▶

(* Fix $\lambda\in\Lambda$. Let $\mathcal R_\lambda\subset W_{\mathrm{aff}}$ be the set of affine reflections $$\mathcal R_\lambda=\bigcup_{\alpha\in\Phi^+}\begin{cases}\{s_{\alpha,k}: 0\ge k>-(\lambda,\alpha^\vee)\}&\text{if }(\lambda,\alpha^\vee)>0,\\ \{s_{\alpha,k}:0<k\le-(\lambda,\alpha^\vee)\}&\text{if }(\lambda,\alpha^\vee)<0,\\ \emptyset&\text{if }(\lambda,\alpha^\vee)=0,\end{cases}$$ and let $h:\mathcal R_\lambda\to\mathbb R^{r+1}$ be $h(s_{\alpha,k})=(\lambda,\alpha^\vee)^{-1}\big(-k,(\omega_1,\alpha^\vee),\dots,(\omega_r,\alpha^\vee)\big)$ for $\alpha\in\Phi^+$. Then $h$ is injective; and if $\mathcal R_\lambda=\{r_1,\dots,r_l\}$ is ordered so that $h(r_1)<\dots<h(r_l)$ lexicographically, then $(r_1,\dots,r_l)$ is the $\lambda$-chain of reflections and $(b(r_1),\dots,b(r_l))$ is the $\lambda$-chain of roots associated with some reduced decomposition of $v_{-\lambda}$, where $b(s_{\alpha,k})=\alpha$ if $k\le0$ and $b(s_{\alpha,k})=-\alpha$ if $k>0$ (for $\alpha\in\Phi^+$).
   Context: $\Phi$ is an irreducible root system with positive roots $\Phi^+$, simple roots $\alpha_1,\dots,\alpha_r$, coroots $\alpha^\vee=2\alpha/(\alpha,\alpha)$, fundamental weights $\omega_i$ ($(\omega_i,\alpha_j^\vee)=\delta_{ij}$), weight lattice $\Lambda$, Weyl group $W$. For $\alpha\in\Phi,k\in\mathbb Z$: $s_{\alpha,k}(\lambda)=\lambda-((\lambda,\alpha^\vee)-k)\alpha$ (note $s_{\alpha,k}=s_{-\alpha,-k}$). $W_{\mathrm{aff}}$ is generated by $s_0=s_{\alpha_0,-1}$ ($\alpha_0=-\theta$, $\theta^\vee$ the highest coroot) and $s_i=s_{\alpha_i,0}$; $\bar v\in W$ is the linear part of $v$. $A_\circ=\{\lambda:0<(\lambda,\alpha^\vee)<1\ \forall\alpha\in\Phi^+\}$; $v_{-\lambda}$ is the unique element of $W_{\mathrm{aff}}$ with $v_{-\lambda}(A_\circ)=A_\circ-\lambda$. For a decomposition $v_{-\lambda}=s_{i_1}\cdots s_{i_l}$: the $\lambda$-chain of roots is $\beta_j=\bar s_{i_1}\cdots\bar s_{i_{j-1}}(\alpha_{i_j})$ and the $\lambda$-chain of reflections is $r_j=s_{i_1}\cdots s_{i_{j-1}}s_{i_j}s_{i_{j-1}}\cdots s_{i_1}$. *)

theory Defs
  imports "HOL-Analysis.Analysis"
begin

definition coroot :: "'a::real_inner \<Rightarrow> 'a" where
  "coroot \<alpha> = (2 / (\<alpha> \<bullet> \<alpha>)) *\<^sub>R \<alpha>"

definition pairing :: "'a::real_inner \<Rightarrow> 'a \<Rightarrow> real" where
  "pairing lam \<alpha> = lam \<bullet> coroot \<alpha>"

definition saff :: "'a::real_inner \<Rightarrow> real \<Rightarrow> 'a \<Rightarrow> 'a" where
  "saff \<alpha> k = (\<lambda>lam. lam - (pairing lam \<alpha> - k) *\<^sub>R \<alpha>)"

definition root_system :: "'a::euclidean_space set \<Rightarrow> bool" where
  "root_system \<Phi> \<longleftrightarrow> finite \<Phi> \<and> 0 \<notin> \<Phi> \<and> span \<Phi> = UNIV \<and>
     (\<forall>\<alpha>\<in>\<Phi>. \<forall>\<beta>\<in>\<Phi>. saff \<alpha> 0 \<beta> \<in> \<Phi>) \<and>
     (\<forall>\<alpha>\<in>\<Phi>. \<forall>\<beta>\<in>\<Phi>. pairing \<beta> \<alpha> \<in> \<int>) \<and>
     (\<forall>\<alpha>\<in>\<Phi>. \<forall>c::real. c *\<^sub>R \<alpha> \<in> \<Phi> \<longrightarrow> c = 1 \<or> c = -1)"

definition irreducible_rs :: "'a::euclidean_space set \<Rightarrow> bool" where
  "irreducible_rs \<Phi> \<longleftrightarrow> \<Phi> \<noteq> {} \<and>
     \<not> (\<exists>\<Phi>1 \<Phi>2. \<Phi>1 \<noteq> {} \<and> \<Phi>2 \<noteq> {} \<and> \<Phi>1 \<union> \<Phi>2 = \<Phi> \<and>
            (\<forall>\<alpha>\<in>\<Phi>1. \<forall>\<beta>\<in>\<Phi>2. \<alpha> \<bullet> \<beta> = 0))"

definition is_base :: "'a::euclidean_space set \<Rightarrow> (nat \<Rightarrow> 'a) \<Rightarrow> nat \<Rightarrow> bool" where
  "is_base \<Phi> \<alpha> r \<longleftrightarrow> (\<forall>i\<in>{1..r}. \<alpha> i \<in> \<Phi>) \<and> inj_on \<alpha> {1..r} \<and>
     independent (\<alpha> ` {1..r}) \<and>
     (\<forall>\<beta>\<in>\<Phi>. \<exists>c::nat \<Rightarrow> int. \<beta> = (\<Sum>i=1..r. of_int (c i) *\<^sub>R \<alpha> i) \<and>
        ((\<forall>i\<in>{1..r}. c i \<ge> 0) \<or> (\<forall>i\<in>{1..r}. c i \<le> 0)))"

definition pos_roots :: "'a::euclidean_space set \<Rightarrow> (nat \<Rightarrow> 'a) \<Rightarrow> nat \<Rightarrow> 'a set" where
  "pos_roots \<Phi> \<alpha> r = {\<beta>\<in>\<Phi>. \<exists>c::nat \<Rightarrow> real. (\<forall>i\<in>{1..r}. c i \<ge> 0) \<and>
                                 \<beta> = (\<Sum>i=1..r. c i *\<^sub>R \<alpha> i)}"

definition highest_coroot_root :: "'a::euclidean_space set \<Rightarrow> (nat \<Rightarrow> 'a) \<Rightarrow> nat \<Rightarrow> 'a \<Rightarrow> bool" where
  "highest_coroot_root \<Phi> \<alpha> r \<theta> \<longleftrightarrow> \<theta> \<in> pos_roots \<Phi> \<alpha> r \<and>
     (\<forall>\<beta>\<in>pos_roots \<Phi> \<alpha> r. \<exists>c::nat \<Rightarrow> real. (\<forall>i\<in>{1..r}. c i \<ge> 0) \<and>
        coroot \<theta> - coroot \<beta> = (\<Sum>i=1..r. c i *\<^sub>R coroot (\<alpha> i)))"

definition weight_lattice :: "'a::euclidean_space set \<Rightarrow> 'a set" where
  "weight_lattice \<Phi> = {lam. \<forall>\<alpha>\<in>\<Phi>. pairing lam \<alpha> \<in> \<int>}"

definition root_idx :: "(nat \<Rightarrow> 'a::real_inner) \<Rightarrow> 'a \<Rightarrow> nat \<Rightarrow> 'a" where
  "root_idx \<alpha> \<theta> i = (if i = 0 then - \<theta> else \<alpha> i)"

definition sgen :: "(nat \<Rightarrow> 'a::real_inner) \<Rightarrow> 'a \<Rightarrow> nat \<Rightarrow> 'a \<Rightarrow> 'a" where
  "sgen \<alpha> \<theta> i = (if i = 0 then saff (- \<theta>) (-1) else saff (\<alpha> i) 0)"

definition sbar :: "(nat \<Rightarrow> 'a::real_inner) \<Rightarrow> 'a \<Rightarrow> nat \<Rightarrow> 'a \<Rightarrow> 'a" where
  "sbar \<alpha> \<theta> i = saff (root_idx \<alpha> \<theta> i) 0"

definition wprod :: "(nat \<Rightarrow> 'a::real_inner) \<Rightarrow> 'a \<Rightarrow> nat list \<Rightarrow> 'a \<Rightarrow> 'a" where
  "wprod \<alpha> \<theta> w = foldr (\<circ>) (map (sgen \<alpha> \<theta>) w) id"

definition wbarprod :: "(nat \<Rightarrow> 'a::real_inner) \<Rightarrow> 'a \<Rightarrow> nat list \<Rightarrow> 'a \<Rightarrow> 'a" where
  "wbarprod \<alpha> \<theta> w = foldr (\<circ>) (map (sbar \<alpha> \<theta>) w) id"

definition W_aff :: "(nat \<Rightarrow> 'a::real_inner) \<Rightarrow> 'a \<Rightarrow> nat \<Rightarrow> ('a \<Rightarrow> 'a) set" where
  "W_aff \<alpha> \<theta> r = {wprod \<alpha> \<theta> w | w. set w \<subseteq> {0..r}}"

definition fund_alcove :: "'a::euclidean_space set \<Rightarrow> (nat \<Rightarrow> 'a) \<Rightarrow> nat \<Rightarrow> 'a set" where
  "fund_alcove \<Phi> \<alpha> r = {lam. \<forall>\<beta>\<in>pos_roots \<Phi> \<alpha> r. 0 < pairing lam \<beta> \<and> pairing lam \<beta> < 1}"

definition v_minus :: "'a::euclidean_space set \<Rightarrow> (nat \<Rightarrow> 'a) \<Rightarrow> nat \<Rightarrow> 'a \<Rightarrow> 'a \<Rightarrow> 'a \<Rightarrow> 'a" where
  "v_minus \<Phi> \<alpha> r \<theta> lam = (THE v. v \<in> W_aff \<alpha> \<theta> r \<and>
      v ` fund_alcove \<Phi> \<alpha> r = (\<lambda>x. x - lam) ` fund_alcove \<Phi> \<alpha> r)"

definition reduced_decomp :: "(nat \<Rightarrow> 'a::real_inner) \<Rightarrow> 'a \<Rightarrow> nat \<Rightarrow> ('a \<Rightarrow> 'a) \<Rightarrow> nat list \<Rightarrow> bool" where
  "reduced_decomp \<alpha> \<theta> r v w \<longleftrightarrow> set w \<subseteq> {0..r} \<and> wprod \<alpha> \<theta> w = v \<and>
     (\<forall>w'. set w' \<subseteq> {0..r} \<and> wprod \<alpha> \<theta> w' = v \<longrightarrow> length w \<le> length w')"

definition chain_refl :: "(nat \<Rightarrow> 'a::real_inner) \<Rightarrow> 'a \<Rightarrow> nat list \<Rightarrow> ('a \<Rightarrow> 'a) list" where
  "chain_refl \<alpha> \<theta> w = map (\<lambda>j. wprod \<alpha> \<theta> (take (Suc j) w @ rev (take j w))) [0..<length w]"

definition chain_roots :: "(nat \<Rightarrow> 'a::real_inner) \<Rightarrow> 'a \<Rightarrow> nat list \<Rightarrow> 'a list" where
  "chain_roots \<alpha> \<theta> w = map (\<lambda>j. wbarprod \<alpha> \<theta> (take j w) (root_idx \<alpha> \<theta> (w ! j))) [0..<length w]"

text \<open>R_lambda, parametrised by pairs (alpha,k) with alpha positive: (alpha,k) stands for s_{alpha,k}.\<close>
definition R_pairs :: "'a::euclidean_space set \<Rightarrow> (nat \<Rightarrow> 'a) \<Rightarrow> nat \<Rightarrow> 'a \<Rightarrow> ('a \<times> int) set" where
  "R_pairs \<Phi> \<alpha> r lam = {(\<beta>, k). \<beta> \<in> pos_roots \<Phi> \<alpha> r \<and>
     ((pairing lam \<beta> > 0 \<and> 0 \<ge> k \<and> real_of_int k > - pairing lam \<beta>) \<or>
      (pairing lam \<beta> < 0 \<and> 0 < k \<and> real_of_int k \<le> - pairing lam \<beta>))}"

definition R_lambda :: "'a::euclidean_space set \<Rightarrow> (nat \<Rightarrow> 'a) \<Rightarrow> nat \<Rightarrow> 'a \<Rightarrow> ('a \<Rightarrow> 'a) set" where
  "R_lambda \<Phi> \<alpha> r lam = (\<lambda>(\<beta>, k). saff \<beta> (of_int k)) ` R_pairs \<Phi> \<alpha> r lam"

text \<open>h(s_{alpha,k}) as a vector in R^(r+1), represented by a real list of length r+1.\<close>
definition hmap :: "(nat \<Rightarrow> 'a::real_inner) \<Rightarrow> nat \<Rightarrow> 'a \<Rightarrow> 'a \<times> int \<Rightarrow> real list" where
  "hmap \<omega> r lam p = (case p of (\<beta>, k) \<Rightarrow>
      map (\<lambda>x. x / pairing lam \<beta>) (- real_of_int k # map (\<lambda>i. pairing (\<omega> i) \<beta>) [1..<Suc r]))"

definition bmap :: "'a::real_inner \<times> int \<Rightarrow> 'a" where
  "bmap p = (case p of (\<beta>, k) \<Rightarrow> if k \<le> 0 then \<beta> else - \<beta>)"

text \<open>Strict lexicographic order on real lists (used on lists of equal length r+1).\<close>
definition lex_less :: "real list \<Rightarrow> real list \<Rightarrow> bool" where
  "lex_less xs ys \<longleftrightarrow> (xs, ys) \<in> lexord {(x, y). x < y}"

end

theory Submission
  imports Defs
begin

text \<open>Walk along the segment from a point \<open>p\<close> of the fundamental alcove \<open>A\<close> to \<open>p - lam\<close>.
  It meets the wall \<open>{x. pairing x \<beta> = k}\<close> at time \<open>crossing_time p lam (\<beta>, k)\<close>, and the walls
  it meets are exactly those in \<open>R_pairs\<close>. For \<open>p = \<Sum>i. e ^ i *\<^sub>R \<omega> i\<close> with small \<open>e > 0\<close>
  the crossing times are polynomials in \<open>e\<close> with coefficients \<open>hmap\<close>, so the walls are crossed
  in the lexicographic order of \<open>hmap\<close>. Pulling the walk back into \<open>A\<close> after each crossing, the
  next wall to be crossed is a wall of \<open>A\<close>, i.e. the mirror of a generator \<open>s\<^sub>i\<close>; recording these
  generators gives a word \<open>w\<close> whose prefixes conjugate its letters to the reflections and roots of
  the chain. The word maps \<open>A\<close> onto \<open>A - lam\<close>, so it represents \<open>v_minus \<Phi> \<alpha> r \<theta> lam\<close>
  because the stabiliser of \<open>A\<close> is trivial, and it is reduced because every word mapping \<open>A\<close>
  to \<open>A - lam\<close> crosses each of the walls in \<open>R_pairs\<close>, which separate the two alcoves.\<close>

section \<open>Affine reflections\<close>

lemma coroot_uminus [simp]: "coroot (- a) = - coroot a"
  by (simp add: coroot_def)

◀

**PROBLEM TO SOLVE:**
From the line holding "w. set w \<subseteq>" to the line holding "W_aff \<alpha> \<theta> r \<and>", inclusive, restate each line above exactly as written.

**REPLY TO THE TASK:**
  "W_aff \<alpha> \<theta> r = {wprod \<alpha> \<theta> w | w. set w \<subseteq> {0..r}}"

definition fund_alcove :: "'a::euclidean_space set \<Rightarrow> (nat \<Rightarrow> 'a) \<Rightarrow> nat \<Rightarrow> 'a set" where
  "fund_alcove \<Phi> \<alpha> r = {lam. \<forall>\<beta>\<in>pos_roots \<Phi> \<alpha> r. 0 < pairing lam \<beta> \<and> pairing lam \<beta> < 1}"

definition v_minus :: "'a::euclidean_space set \<Rightarrow> (nat \<Rightarrow> 'a) \<Rightarrow> nat \<Rightarrow> 'a \<Rightarrow> 'a \<Rightarrow> 'a \<Rightarrow> 'a" where
  "v_minus \<Phi> \<alpha> r \<theta> lam = (THE v. v \<in> W_aff \<alpha> \<theta> r \<and>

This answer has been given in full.